# [Material shown]
text \<open>Three cases: f does not vanish on K
  (use the operators v \<otimes> f, v \<in> K); E is not contained in E_- (use v \<otimes> g, v \<in> E, with g
  annihilating E_-); otherwise the degenerate lemma applies to x and a point y \<in> K \<setminus> E_-.\<close>
lemma identity_eigenvector:
  assumes rc: "real_or_complex TYPE('k)" and E: "E \<in> L" and K: "K \<in> L"
    and nsub: "\<not> K \<subseteq> lminus sc L E" and x: "x \<in> E"
    and f: "f \<in> annihilator sc (lminus sc L K)" and z0: "f z0 \<noteq> 0"
  shows "\<exists>c. D x = sc c x"
proof -
  have cks: "\<And>F. F \<in> L \<Longrightarrow> closed_ksubspace sc F" using lat unfolding subspace_lattice_def by blast
  have EK: "E \<subseteq> K" using contains_of_not_in_lminus[OF K subset_refl nsub] .
  have fb: "bounded_functional sc f" using f unfolding annihilator_def by blast
  have sep: "\<exists>g. g \<in> annihilator sc (lminus sc L E) \<and> bounded_functional sc g \<and> g u = 1"
    if "u \<notin> lminus sc L E" for u
    using scalar_separation[OF rc lminus_ksubspace that] unfolding annihilator_def by blast
  consider (f_on_K) u where "u \<in> K" "f u \<noteq> 0" | (E_not_below) u where "u \<in> E" "u \<notin> lminus sc L E"
    | (degenerate) "\<forall>u\<in>K. f u = 0" "E \<subseteq> lminus sc L E" by blast
  then show ?thesis
  proof cases
    case f_on_K
    have "rank_one sc v f \<in> alg sc L" if "v \<in> K" for v by (rule rank_one_alg[OF lat that f])
    then show ?thesis
      using eigenvector_on_additive_set[OF cks_add[OF cks[OF K]] fb _ f_on_K] x EK by blast
  next
    case E_not_below
    then obtain g where g: "g \<in> annihilator sc (lminus sc L E)" "bounded_functional sc g" "g u = 1"
      using sep by blast
    have "rank_one sc v g \<in> alg sc L" if "v \<in> E" for v by (rule rank_one_alg[OF lat that g(1)])
    then show ?thesis
      using eigenvector_on_additive_set[OF cks_add[OF cks[OF E]] g(2) _ E_not_below(1)] g(3) x by simp
  next
    case degenerate
    obtain y where y: "y \<in> K" "y \<notin> lminus sc L E" using nsub by blast
    obtain g where g: "g \<in> annihilator sc (lminus sc L E)" "bounded_functional sc g" "g y = 1"
      using sep[OF y(2)] by blast
    have gE: "\<forall>z\<in>E. g z = 0" using g(1) degenerate(2) unfolding annihilator_def by blast
    have Dx: "D x \<in> E" and Dy: "D y \<in> K" using alg_invariant[OF D_alg] E K x y(1) by blast+
    show ?thesis
    proof (cases "x = 0")
      case True
      then show ?thesis using alg_zero[OF D_alg] by (intro exI[of _ 0]) simp
    next
      case False
      have "g x = 0" "g (D x) = 0" using gE x Dx by blast+
      moreover have "f x = 0" "f (D x) = 0" "f y = 0" "f (D y) = 0"
        using degenerate(1) EK x Dx y(1) Dy by blast+
      moreover have "rank_one sc x g \<in> alg sc L" by (rule rank_one_alg[OF lat x g(1)])
      moreover have "rank_one sc y f \<in> alg sc L" by (rule rank_one_alg[OF lat y(1) f])
      ultimately show ?thesis using degenerate_eigenvector[OF fb g(2) _ _ _ _ g(3) _ _ _ _ False z0] by blast
    qed
  qed
qed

# [Your task]
Output only the lines from the one that contains "lat x g(1)])" through the final line of the records, exactly as given.

# [Result below]
      moreover have "rank_one sc x g \<in> alg sc L" by (rule rank_one_alg[OF lat x g(1)])
      moreover have "rank_one sc y f \<in> alg sc L" by (rule rank_one_alg[OF lat y(1) f])
      ultimately show ?thesis using degenerate_eigenvector[OF fb g(2) _ _ _ _ g(3) _ _ _ _ False z0] by blast
    qed
  qed
qed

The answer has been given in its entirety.